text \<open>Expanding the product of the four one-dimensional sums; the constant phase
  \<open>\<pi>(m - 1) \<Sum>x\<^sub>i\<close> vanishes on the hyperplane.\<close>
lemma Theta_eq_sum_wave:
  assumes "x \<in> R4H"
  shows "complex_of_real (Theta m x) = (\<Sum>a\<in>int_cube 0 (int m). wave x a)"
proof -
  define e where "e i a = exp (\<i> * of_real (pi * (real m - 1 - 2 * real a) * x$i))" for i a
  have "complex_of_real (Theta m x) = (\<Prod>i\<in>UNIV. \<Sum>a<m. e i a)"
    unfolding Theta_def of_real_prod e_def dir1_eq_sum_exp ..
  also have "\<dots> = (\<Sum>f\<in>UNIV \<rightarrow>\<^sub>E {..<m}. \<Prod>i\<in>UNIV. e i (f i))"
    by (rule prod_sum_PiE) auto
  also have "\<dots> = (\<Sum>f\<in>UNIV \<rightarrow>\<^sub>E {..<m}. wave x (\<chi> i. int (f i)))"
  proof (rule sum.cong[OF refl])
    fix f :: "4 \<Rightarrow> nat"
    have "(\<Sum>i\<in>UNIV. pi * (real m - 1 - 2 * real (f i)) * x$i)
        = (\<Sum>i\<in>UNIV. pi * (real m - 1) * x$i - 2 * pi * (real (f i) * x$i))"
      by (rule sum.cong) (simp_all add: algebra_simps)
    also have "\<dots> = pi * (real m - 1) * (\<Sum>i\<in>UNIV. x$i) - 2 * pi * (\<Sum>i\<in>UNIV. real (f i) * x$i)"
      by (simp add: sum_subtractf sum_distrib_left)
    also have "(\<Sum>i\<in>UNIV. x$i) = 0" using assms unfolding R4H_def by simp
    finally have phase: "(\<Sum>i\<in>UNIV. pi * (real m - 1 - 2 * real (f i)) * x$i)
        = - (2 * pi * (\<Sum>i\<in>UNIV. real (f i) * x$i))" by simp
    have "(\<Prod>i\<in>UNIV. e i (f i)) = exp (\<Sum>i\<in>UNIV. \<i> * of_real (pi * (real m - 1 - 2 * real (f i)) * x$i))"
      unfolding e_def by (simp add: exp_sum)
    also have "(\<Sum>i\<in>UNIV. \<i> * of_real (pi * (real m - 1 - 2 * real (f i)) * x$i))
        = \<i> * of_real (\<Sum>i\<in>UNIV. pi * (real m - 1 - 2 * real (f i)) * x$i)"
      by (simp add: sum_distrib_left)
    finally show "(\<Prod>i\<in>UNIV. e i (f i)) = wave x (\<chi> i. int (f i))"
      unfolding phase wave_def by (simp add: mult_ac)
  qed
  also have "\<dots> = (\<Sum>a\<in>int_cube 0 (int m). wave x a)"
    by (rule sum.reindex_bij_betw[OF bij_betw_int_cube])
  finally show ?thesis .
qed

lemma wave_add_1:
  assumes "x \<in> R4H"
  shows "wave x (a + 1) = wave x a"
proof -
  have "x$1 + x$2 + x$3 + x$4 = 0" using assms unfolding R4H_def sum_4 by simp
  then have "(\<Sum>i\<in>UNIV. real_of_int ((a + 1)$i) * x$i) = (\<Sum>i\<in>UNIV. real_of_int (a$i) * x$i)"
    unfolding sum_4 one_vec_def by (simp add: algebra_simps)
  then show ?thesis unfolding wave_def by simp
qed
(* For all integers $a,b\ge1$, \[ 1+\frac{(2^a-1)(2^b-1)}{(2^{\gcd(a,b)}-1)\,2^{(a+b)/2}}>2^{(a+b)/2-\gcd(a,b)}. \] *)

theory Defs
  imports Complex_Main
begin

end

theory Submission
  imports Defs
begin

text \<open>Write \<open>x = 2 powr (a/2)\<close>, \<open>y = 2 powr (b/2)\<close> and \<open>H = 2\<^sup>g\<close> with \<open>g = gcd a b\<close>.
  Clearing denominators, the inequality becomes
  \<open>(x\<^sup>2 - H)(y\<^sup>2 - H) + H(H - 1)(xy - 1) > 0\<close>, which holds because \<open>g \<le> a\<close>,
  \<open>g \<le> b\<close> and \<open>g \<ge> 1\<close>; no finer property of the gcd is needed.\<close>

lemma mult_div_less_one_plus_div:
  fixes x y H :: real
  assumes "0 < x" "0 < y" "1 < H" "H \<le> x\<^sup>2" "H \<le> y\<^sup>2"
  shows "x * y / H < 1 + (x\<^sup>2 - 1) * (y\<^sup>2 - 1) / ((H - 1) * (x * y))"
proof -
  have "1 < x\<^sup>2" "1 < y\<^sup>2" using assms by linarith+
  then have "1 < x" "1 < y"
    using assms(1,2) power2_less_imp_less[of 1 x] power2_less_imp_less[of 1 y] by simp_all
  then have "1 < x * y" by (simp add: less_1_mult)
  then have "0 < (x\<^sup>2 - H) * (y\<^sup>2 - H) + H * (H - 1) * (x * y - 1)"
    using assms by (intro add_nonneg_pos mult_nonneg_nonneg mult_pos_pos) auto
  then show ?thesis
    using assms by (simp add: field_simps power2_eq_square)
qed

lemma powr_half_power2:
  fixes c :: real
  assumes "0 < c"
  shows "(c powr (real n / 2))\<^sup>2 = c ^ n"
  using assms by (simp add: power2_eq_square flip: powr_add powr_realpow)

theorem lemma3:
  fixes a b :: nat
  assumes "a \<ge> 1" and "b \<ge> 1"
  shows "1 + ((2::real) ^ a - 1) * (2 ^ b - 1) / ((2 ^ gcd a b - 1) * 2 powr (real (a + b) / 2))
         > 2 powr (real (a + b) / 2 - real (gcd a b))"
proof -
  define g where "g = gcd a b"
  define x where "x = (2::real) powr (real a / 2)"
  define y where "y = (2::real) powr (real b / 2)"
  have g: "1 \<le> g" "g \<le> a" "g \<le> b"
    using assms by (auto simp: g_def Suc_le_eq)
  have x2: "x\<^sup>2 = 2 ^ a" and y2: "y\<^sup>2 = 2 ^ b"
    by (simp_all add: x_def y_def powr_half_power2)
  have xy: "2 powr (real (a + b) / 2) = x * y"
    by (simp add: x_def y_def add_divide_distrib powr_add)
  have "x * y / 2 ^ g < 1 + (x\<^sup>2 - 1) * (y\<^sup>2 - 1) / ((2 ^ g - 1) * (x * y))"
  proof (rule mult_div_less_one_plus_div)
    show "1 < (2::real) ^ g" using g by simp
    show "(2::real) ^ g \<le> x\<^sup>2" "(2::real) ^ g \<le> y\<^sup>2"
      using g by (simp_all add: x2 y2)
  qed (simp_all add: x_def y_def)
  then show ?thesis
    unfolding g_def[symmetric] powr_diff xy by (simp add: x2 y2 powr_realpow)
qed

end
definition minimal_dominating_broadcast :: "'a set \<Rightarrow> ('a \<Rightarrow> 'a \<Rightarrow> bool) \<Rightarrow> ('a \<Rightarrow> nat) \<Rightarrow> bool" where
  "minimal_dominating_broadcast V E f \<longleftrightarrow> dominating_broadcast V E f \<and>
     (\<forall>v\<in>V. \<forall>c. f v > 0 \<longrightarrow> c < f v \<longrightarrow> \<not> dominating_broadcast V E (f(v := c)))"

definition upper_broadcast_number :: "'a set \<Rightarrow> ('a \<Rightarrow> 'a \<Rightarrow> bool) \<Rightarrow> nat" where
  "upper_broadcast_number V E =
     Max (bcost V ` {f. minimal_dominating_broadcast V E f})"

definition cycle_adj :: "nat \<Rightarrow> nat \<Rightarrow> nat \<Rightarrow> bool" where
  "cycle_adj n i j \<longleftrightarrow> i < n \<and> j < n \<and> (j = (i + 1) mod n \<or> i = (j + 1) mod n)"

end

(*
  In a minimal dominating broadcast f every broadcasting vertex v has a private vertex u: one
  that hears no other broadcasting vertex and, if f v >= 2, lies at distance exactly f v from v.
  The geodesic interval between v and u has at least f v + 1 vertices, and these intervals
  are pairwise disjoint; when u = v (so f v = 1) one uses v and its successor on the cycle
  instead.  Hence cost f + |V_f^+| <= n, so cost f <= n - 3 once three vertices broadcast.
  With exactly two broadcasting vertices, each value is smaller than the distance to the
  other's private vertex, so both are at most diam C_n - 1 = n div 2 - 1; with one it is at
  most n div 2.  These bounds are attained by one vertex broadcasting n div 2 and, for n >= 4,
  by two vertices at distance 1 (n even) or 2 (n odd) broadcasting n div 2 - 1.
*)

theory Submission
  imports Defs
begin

################

* **TASK DIRECTIONS**
Reproduce exactly the lines from the one with "i j \<longleftrightarrow>" through the last line of the entries, keeping both of those lines and nothing else.

* **OUTPUT FOR THIS EXERCISE**
  "cycle_adj n i j \<longleftrightarrow> i < n \<and> j < n \<and> (j = (i + 1) mod n \<or> i = (j + 1) mod n)"

end

(*
  In a minimal dominating broadcast f every broadcasting vertex v has a private vertex u: one
  that hears no other broadcasting vertex and, if f v >= 2, lies at distance exactly f v from v.
  The geodesic interval between v and u has at least f v + 1 vertices, and these intervals
  are pairwise disjoint; when u = v (so f v = 1) one uses v and its successor on the cycle
  instead.  Hence cost f + |V_f^+| <= n, so cost f <= n - 3 once three vertices broadcast.
  With exactly two broadcasting vertices, each value is smaller than the distance to the
  other's private vertex, so both are at most diam C_n - 1 = n div 2 - 1; with one it is at
  most n div 2.  These bounds are attained by one vertex broadcasting n div 2 and, for n >= 4,
  by two vertices at distance 1 (n even) or 2 (n odd) broadcasting n div 2 - 1.
*)

theory Submission
  imports Defs
begin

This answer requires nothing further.